• _EXERCISE DETAILS_: Nothing should be dropped or changed: copy every line of the listing.

START MATERIAL TO PROCESS

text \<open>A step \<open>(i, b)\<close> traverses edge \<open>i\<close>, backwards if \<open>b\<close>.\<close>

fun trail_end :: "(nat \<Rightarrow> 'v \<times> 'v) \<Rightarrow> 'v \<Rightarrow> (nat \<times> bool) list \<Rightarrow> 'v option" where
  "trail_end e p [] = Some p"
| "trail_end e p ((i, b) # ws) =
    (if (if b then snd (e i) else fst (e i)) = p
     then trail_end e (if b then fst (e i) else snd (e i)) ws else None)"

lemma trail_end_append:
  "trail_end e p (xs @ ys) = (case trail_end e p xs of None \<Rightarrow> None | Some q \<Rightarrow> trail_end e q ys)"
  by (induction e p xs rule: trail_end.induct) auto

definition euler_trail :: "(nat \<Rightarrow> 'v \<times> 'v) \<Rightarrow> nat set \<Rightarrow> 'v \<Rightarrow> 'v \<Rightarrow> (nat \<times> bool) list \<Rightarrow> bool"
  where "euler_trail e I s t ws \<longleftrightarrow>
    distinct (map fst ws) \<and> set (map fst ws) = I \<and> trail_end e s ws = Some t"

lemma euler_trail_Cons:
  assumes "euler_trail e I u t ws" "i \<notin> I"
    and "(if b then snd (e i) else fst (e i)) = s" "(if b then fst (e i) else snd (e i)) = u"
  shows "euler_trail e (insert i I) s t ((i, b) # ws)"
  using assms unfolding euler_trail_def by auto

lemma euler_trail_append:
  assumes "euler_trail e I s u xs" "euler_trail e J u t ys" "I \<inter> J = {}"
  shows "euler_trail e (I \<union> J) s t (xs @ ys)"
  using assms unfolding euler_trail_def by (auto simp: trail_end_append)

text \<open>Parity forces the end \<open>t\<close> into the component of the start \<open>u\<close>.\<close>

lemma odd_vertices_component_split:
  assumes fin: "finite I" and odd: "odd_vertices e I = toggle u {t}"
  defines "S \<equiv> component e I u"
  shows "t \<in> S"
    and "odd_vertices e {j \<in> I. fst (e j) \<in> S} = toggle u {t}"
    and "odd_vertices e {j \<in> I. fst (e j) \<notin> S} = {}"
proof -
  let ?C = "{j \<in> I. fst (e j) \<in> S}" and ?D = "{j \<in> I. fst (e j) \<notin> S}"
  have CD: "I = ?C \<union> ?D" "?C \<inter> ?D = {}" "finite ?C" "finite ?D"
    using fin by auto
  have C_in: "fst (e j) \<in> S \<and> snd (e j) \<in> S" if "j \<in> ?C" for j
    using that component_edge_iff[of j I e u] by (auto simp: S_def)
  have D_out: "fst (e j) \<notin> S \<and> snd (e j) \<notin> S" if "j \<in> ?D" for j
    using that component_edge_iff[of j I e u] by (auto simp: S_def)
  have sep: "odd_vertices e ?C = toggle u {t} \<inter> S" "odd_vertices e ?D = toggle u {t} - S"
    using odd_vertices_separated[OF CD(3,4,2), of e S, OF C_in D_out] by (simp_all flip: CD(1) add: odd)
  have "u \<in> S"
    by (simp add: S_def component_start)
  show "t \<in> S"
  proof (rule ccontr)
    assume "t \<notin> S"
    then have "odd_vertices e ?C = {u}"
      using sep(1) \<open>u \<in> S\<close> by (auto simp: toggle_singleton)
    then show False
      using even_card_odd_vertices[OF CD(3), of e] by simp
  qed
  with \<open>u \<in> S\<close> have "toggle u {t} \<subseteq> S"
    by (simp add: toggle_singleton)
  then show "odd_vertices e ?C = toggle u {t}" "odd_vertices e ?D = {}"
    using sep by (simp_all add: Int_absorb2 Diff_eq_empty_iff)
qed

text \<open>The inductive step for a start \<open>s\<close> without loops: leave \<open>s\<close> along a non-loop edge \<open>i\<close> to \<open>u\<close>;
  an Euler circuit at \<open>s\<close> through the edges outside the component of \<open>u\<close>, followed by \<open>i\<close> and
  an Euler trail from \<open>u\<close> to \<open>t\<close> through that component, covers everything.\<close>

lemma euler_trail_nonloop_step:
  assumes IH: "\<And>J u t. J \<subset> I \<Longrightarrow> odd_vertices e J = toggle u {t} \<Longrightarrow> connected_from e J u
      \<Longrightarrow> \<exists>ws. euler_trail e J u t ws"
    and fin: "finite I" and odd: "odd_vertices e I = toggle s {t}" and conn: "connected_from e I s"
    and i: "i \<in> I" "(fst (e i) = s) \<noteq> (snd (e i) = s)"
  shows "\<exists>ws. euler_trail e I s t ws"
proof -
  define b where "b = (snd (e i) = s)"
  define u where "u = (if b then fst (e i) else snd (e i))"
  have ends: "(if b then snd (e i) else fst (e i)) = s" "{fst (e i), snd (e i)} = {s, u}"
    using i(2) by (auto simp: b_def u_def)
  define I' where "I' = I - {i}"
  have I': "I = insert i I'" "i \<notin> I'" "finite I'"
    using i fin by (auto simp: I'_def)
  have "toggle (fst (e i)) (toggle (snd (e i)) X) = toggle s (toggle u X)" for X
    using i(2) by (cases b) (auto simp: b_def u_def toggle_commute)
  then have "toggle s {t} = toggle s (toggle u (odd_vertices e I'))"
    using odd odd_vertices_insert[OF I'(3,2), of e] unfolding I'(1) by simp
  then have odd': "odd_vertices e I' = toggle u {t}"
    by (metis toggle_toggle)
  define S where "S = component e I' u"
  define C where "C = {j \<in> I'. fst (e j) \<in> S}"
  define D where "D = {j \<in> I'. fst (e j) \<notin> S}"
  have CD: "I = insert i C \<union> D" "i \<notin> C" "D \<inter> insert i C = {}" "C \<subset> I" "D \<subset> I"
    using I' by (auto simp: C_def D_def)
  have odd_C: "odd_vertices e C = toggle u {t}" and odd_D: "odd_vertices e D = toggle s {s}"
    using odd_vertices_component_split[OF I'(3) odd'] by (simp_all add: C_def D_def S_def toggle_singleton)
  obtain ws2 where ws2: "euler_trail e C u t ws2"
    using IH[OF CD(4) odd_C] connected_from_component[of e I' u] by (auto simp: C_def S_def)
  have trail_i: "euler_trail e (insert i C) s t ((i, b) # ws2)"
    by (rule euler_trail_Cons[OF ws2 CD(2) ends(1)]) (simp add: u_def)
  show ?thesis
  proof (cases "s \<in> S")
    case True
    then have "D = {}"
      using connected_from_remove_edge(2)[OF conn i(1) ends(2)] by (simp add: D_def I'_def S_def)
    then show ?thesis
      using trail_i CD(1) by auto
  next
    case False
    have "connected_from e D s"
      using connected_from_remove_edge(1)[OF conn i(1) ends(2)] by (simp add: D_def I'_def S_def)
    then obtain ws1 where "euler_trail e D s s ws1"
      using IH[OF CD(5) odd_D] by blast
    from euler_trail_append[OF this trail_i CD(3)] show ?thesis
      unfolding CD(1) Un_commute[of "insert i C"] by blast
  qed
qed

END MATERIAL TO PROCESS

• _WRITTEN RESPONSE_:
text \<open>A step \<open>(i, b)\<close> traverses edge \<open>i\<close>, backwards if \<open>b\<close>.\<close>

fun trail_end :: "(nat \<Rightarrow> 'v \<times> 'v) \<Rightarrow> 'v \<Rightarrow> (nat \<times> bool) list \<Rightarrow> 'v option" where
  "trail_end e p [] = Some p"
| "trail_end e p ((i, b) # ws) =
    (if (if b then snd (e i) else fst (e i)) = p
     then trail_end e (if b then fst (e i) else snd (e i)) ws else None)"

lemma trail_end_append:
  "trail_end e p (xs @ ys) = (case trail_end e p xs of None \<Rightarrow> None | Some q \<Rightarrow> trail_end e q ys)"
  by (induction e p xs rule: trail_end.induct) auto

definition euler_trail :: "(nat \<Rightarrow> 'v \<times> 'v) \<Rightarrow> nat set \<Rightarrow> 'v \<Rightarrow> 'v \<Rightarrow> (nat \<times> bool) list \<Rightarrow> bool"
  where "euler_trail e I s t ws \<longleftrightarrow>
    distinct (map fst ws) \<and> set (map fst ws) = I \<and> trail_end e s ws = Some t"

lemma euler_trail_Cons:
  assumes "euler_trail e I u t ws" "i \<notin> I"
    and "(if b then snd (e i) else fst (e i)) = s" "(if b then fst (e i) else snd (e i)) = u"
  shows "euler_trail e (insert i I) s t ((i, b) # ws)"
  using assms unfolding euler_trail_def by auto

lemma euler_trail_append:
  assumes "euler_trail e I s u xs" "euler_trail e J u t ys" "I \<inter> J = {}"
  shows "euler_trail e (I \<union> J) s t (xs @ ys)"
  using assms unfolding euler_trail_def by (auto simp: trail_end_append)

text \<open>Parity forces the end \<open>t\<close> into the component of the start \<open>u\<close>.\<close>

lemma odd_vertices_component_split:
  assumes fin: "finite I" and odd: "odd_vertices e I = toggle u {t}"
  defines "S \<equiv> component e I u"
  shows "t \<in> S"
    and "odd_vertices e {j \<in> I. fst (e j) \<in> S} = toggle u {t}"
    and "odd_vertices e {j \<in> I. fst (e j) \<notin> S} = {}"
proof -
  let ?C = "{j \<in> I. fst (e j) \<in> S}" and ?D = "{j \<in> I. fst (e j) \<notin> S}"
  have CD: "I = ?C \<union> ?D" "?C \<inter> ?D = {}" "finite ?C" "finite ?D"
    using fin by auto
  have C_in: "fst (e j) \<in> S \<and> snd (e j) \<in> S" if "j \<in> ?C" for j
    using that component_edge_iff[of j I e u] by (auto simp: S_def)
  have D_out: "fst (e j) \<notin> S \<and> snd (e j) \<notin> S" if "j \<in> ?D" for j
    using that component_edge_iff[of j I e u] by (auto simp: S_def)
  have sep: "odd_vertices e ?C = toggle u {t} \<inter> S" "odd_vertices e ?D = toggle u {t} - S"
    using odd_vertices_separated[OF CD(3,4,2), of e S, OF C_in D_out] by (simp_all flip: CD(1) add: odd)
  have "u \<in> S"
    by (simp add: S_def component_start)
  show "t \<in> S"
  proof (rule ccontr)
    assume "t \<notin> S"
    then have "odd_vertices e ?C = {u}"
      using sep(1) \<open>u \<in> S\<close> by (auto simp: toggle_singleton)
    then show False
      using even_card_odd_vertices[OF CD(3), of e] by simp
  qed
  with \<open>u \<in> S\<close> have "toggle u {t} \<subseteq> S"
    by (simp add: toggle_singleton)
  then show "odd_vertices e ?C = toggle u {t}" "odd_vertices e ?D = {}"
    using sep by (simp_all add: Int_absorb2 Diff_eq_empty_iff)
qed

text \<open>The inductive step for a start \<open>s\<close> without loops: leave \<open>s\<close> along a non-loop edge \<open>i\<close> to \<open>u\<close>;
  an Euler circuit at \<open>s\<close> through the edges outside the component of \<open>u\<close>, followed by \<open>i\<close> and
  an Euler trail from \<open>u\<close> to \<open>t\<close> through that component, covers everything.\<close>

lemma euler_trail_nonloop_step:
  assumes IH: "\<And>J u t. J \<subset> I \<Longrightarrow> odd_vertices e J = toggle u {t} \<Longrightarrow> connected_from e J u
      \<Longrightarrow> \<exists>ws. euler_trail e J u t ws"
    and fin: "finite I" and odd: "odd_vertices e I = toggle s {t}" and conn: "connected_from e I s"
    and i: "i \<in> I" "(fst (e i) = s) \<noteq> (snd (e i) = s)"
  shows "\<exists>ws. euler_trail e I s t ws"
proof -
  define b where "b = (snd (e i) = s)"
  define u where "u = (if b then fst (e i) else snd (e i))"
  have ends: "(if b then snd (e i) else fst (e i)) = s" "{fst (e i), snd (e i)} = {s, u}"
    using i(2) by (auto simp: b_def u_def)
  define I' where "I' = I - {i}"
  have I': "I = insert i I'" "i \<notin> I'" "finite I'"
    using i fin by (auto simp: I'_def)
  have "toggle (fst (e i)) (toggle (snd (e i)) X) = toggle s (toggle u X)" for X
    using i(2) by (cases b) (auto simp: b_def u_def toggle_commute)
  then have "toggle s {t} = toggle s (toggle u (odd_vertices e I'))"
    using odd odd_vertices_insert[OF I'(3,2), of e] unfolding I'(1) by simp
  then have odd': "odd_vertices e I' = toggle u {t}"
    by (metis toggle_toggle)
  define S where "S = component e I' u"
  define C where "C = {j \<in> I'. fst (e j) \<in> S}"
  define D where "D = {j \<in> I'. fst (e j) \<notin> S}"
  have CD: "I = insert i C \<union> D" "i \<notin> C" "D \<inter> insert i C = {}" "C \<subset> I" "D \<subset> I"
    using I' by (auto simp: C_def D_def)
  have odd_C: "odd_vertices e C = toggle u {t}" and odd_D: "odd_vertices e D = toggle s {s}"
    using odd_vertices_component_split[OF I'(3) odd'] by (simp_all add: C_def D_def S_def toggle_singleton)
  obtain ws2 where ws2: "euler_trail e C u t ws2"
    using IH[OF CD(4) odd_C] connected_from_component[of e I' u] by (auto simp: C_def S_def)
  have trail_i: "euler_trail e (insert i C) s t ((i, b) # ws2)"
    by (rule euler_trail_Cons[OF ws2 CD(2) ends(1)]) (simp add: u_def)
  show ?thesis
  proof (cases "s \<in> S")
    case True
    then have "D = {}"
      using connected_from_remove_edge(2)[OF conn i(1) ends(2)] by (simp add: D_def I'_def S_def)
    then show ?thesis
      using trail_i CD(1) by auto
  next
    case False
    have "connected_from e D s"
      using connected_from_remove_edge(1)[OF conn i(1) ends(2)] by (simp add: D_def I'_def S_def)
    then obtain ws1 where "euler_trail e D s s ws1"
      using IH[OF CD(5) odd_D] by blast
    from euler_trail_append[OF this trail_i CD(3)] show ?thesis
      unfolding CD(1) Un_commute[of "insert i C"] by blast
  qed
qed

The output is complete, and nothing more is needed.